══ Data ══
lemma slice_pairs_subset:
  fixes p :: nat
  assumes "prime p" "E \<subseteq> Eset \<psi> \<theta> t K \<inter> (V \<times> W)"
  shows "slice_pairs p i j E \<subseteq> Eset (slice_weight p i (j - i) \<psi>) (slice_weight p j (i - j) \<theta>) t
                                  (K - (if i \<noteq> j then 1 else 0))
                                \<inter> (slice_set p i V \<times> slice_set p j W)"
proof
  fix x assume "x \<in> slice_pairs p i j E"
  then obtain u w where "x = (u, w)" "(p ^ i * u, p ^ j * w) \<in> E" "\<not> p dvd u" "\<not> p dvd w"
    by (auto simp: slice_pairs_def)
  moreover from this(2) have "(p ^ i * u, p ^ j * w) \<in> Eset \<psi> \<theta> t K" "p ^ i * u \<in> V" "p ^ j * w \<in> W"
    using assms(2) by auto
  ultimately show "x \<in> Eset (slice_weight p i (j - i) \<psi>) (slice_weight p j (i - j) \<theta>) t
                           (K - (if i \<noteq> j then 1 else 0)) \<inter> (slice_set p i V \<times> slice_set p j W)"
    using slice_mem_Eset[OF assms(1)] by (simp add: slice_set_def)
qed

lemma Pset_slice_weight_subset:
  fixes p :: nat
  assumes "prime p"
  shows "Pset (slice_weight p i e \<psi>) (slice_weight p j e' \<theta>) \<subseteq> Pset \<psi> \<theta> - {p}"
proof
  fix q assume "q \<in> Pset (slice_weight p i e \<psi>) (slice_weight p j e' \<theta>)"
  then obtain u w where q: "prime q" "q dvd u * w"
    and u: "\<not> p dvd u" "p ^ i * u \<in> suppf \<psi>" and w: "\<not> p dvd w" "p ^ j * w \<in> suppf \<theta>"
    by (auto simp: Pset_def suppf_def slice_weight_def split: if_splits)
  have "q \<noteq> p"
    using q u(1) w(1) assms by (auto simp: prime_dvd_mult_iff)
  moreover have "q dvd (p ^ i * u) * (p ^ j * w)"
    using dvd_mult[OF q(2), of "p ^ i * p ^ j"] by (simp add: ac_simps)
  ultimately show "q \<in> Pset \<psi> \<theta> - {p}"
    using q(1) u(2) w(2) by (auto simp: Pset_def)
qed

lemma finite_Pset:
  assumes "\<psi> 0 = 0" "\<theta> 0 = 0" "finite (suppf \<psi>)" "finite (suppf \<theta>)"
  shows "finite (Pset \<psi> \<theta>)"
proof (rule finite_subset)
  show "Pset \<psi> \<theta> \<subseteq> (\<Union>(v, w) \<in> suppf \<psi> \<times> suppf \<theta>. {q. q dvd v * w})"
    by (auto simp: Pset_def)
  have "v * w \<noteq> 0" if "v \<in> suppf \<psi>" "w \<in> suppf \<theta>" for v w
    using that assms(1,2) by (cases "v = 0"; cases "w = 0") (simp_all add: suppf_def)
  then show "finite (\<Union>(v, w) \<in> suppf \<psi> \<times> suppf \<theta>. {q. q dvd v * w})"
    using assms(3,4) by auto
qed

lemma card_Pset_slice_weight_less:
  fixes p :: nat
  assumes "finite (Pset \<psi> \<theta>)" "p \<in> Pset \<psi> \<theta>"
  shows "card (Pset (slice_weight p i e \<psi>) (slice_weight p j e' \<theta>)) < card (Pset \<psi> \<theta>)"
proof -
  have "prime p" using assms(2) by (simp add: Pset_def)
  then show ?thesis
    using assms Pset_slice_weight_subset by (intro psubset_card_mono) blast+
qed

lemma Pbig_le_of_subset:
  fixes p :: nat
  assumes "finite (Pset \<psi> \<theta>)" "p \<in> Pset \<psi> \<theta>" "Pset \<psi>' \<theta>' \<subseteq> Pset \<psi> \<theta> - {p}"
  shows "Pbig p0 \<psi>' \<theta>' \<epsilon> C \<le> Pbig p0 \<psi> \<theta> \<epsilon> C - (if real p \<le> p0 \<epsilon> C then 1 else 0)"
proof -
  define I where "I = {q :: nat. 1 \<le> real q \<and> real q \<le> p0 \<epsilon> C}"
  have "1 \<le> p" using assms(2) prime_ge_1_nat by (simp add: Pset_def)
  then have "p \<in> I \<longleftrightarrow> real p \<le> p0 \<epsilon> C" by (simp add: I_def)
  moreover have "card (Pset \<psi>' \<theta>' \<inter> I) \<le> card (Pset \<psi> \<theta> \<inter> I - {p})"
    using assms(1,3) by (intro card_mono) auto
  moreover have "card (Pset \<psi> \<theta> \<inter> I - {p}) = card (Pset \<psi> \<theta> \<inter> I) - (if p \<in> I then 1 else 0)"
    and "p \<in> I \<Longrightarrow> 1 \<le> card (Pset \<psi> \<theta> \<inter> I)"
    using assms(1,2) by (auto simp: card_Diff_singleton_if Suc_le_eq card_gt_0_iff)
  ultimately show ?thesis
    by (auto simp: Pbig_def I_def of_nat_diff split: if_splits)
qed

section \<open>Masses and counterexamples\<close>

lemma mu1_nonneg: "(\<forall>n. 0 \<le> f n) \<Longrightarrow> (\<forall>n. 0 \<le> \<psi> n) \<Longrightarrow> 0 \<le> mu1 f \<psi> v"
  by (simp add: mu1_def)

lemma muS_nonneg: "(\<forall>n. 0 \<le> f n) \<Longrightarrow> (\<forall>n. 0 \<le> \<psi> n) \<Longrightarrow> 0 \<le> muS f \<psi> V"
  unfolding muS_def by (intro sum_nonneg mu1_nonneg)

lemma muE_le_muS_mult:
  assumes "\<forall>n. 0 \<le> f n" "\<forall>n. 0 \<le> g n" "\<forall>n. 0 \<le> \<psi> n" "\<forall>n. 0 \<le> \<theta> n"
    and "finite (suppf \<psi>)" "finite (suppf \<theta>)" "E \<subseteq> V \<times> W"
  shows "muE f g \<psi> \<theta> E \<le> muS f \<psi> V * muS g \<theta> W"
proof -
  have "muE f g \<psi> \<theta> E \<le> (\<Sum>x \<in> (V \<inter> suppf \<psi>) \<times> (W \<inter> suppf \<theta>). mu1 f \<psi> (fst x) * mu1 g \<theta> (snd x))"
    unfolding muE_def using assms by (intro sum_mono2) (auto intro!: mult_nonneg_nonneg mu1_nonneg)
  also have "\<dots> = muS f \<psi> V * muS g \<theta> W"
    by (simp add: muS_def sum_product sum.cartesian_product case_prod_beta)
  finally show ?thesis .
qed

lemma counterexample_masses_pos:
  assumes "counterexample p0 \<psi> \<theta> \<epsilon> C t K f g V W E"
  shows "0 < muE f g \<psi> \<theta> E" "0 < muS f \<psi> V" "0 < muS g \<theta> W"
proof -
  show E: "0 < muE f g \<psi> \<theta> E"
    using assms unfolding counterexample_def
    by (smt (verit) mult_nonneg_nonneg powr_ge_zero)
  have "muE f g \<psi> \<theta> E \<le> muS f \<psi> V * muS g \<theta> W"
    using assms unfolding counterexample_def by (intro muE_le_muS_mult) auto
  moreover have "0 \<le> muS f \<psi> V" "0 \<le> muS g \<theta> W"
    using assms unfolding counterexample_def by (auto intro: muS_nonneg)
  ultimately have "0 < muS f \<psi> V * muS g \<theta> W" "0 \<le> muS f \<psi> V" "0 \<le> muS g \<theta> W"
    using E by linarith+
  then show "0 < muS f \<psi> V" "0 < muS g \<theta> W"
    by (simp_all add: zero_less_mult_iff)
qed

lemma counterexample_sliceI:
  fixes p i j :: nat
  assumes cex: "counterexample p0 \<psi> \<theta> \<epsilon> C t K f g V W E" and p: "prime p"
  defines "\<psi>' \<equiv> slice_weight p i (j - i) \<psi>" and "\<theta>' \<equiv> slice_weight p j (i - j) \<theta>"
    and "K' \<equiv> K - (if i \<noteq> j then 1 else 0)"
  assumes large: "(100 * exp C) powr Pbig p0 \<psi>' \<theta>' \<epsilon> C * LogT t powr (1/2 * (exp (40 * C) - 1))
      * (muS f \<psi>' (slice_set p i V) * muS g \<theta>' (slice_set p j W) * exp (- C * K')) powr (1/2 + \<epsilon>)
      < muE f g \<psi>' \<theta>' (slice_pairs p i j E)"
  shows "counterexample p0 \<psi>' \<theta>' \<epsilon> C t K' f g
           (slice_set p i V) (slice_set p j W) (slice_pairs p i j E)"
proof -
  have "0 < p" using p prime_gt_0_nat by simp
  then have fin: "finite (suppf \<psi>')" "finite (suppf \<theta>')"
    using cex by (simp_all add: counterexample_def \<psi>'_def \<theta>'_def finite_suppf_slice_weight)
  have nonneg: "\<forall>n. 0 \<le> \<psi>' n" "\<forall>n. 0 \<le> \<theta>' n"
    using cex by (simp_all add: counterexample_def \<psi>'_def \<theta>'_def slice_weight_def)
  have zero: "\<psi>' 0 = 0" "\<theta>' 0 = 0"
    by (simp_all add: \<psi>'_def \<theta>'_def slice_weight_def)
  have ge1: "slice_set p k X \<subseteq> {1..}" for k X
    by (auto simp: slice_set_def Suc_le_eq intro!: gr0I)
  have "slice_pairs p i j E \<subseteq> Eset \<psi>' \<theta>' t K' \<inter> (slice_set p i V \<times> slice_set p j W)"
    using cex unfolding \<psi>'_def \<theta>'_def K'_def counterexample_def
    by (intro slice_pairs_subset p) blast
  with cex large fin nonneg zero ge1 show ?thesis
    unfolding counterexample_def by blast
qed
═══
Could you retype exactly the lines above, starting at the line that contains "using that assms(1,2)" and ending at the line that contains "then show ?thesis", and nothing more?

→ **Reply**
    using that assms(1,2) by (cases "v = 0"; cases "w = 0") (simp_all add: suppf_def)
  then show "finite (\<Union>(v, w) \<in> suppf \<psi> \<times> suppf \<theta>. {q. q dvd v * w})"
    using assms(3,4) by auto
qed

lemma card_Pset_slice_weight_less:
  fixes p :: nat
  assumes "finite (Pset \<psi> \<theta>)" "p \<in> Pset \<psi> \<theta>"
  shows "card (Pset (slice_weight p i e \<psi>) (slice_weight p j e' \<theta>)) < card (Pset \<psi> \<theta>)"
proof -
  have "prime p" using assms(2) by (simp add: Pset_def)
  then show ?thesis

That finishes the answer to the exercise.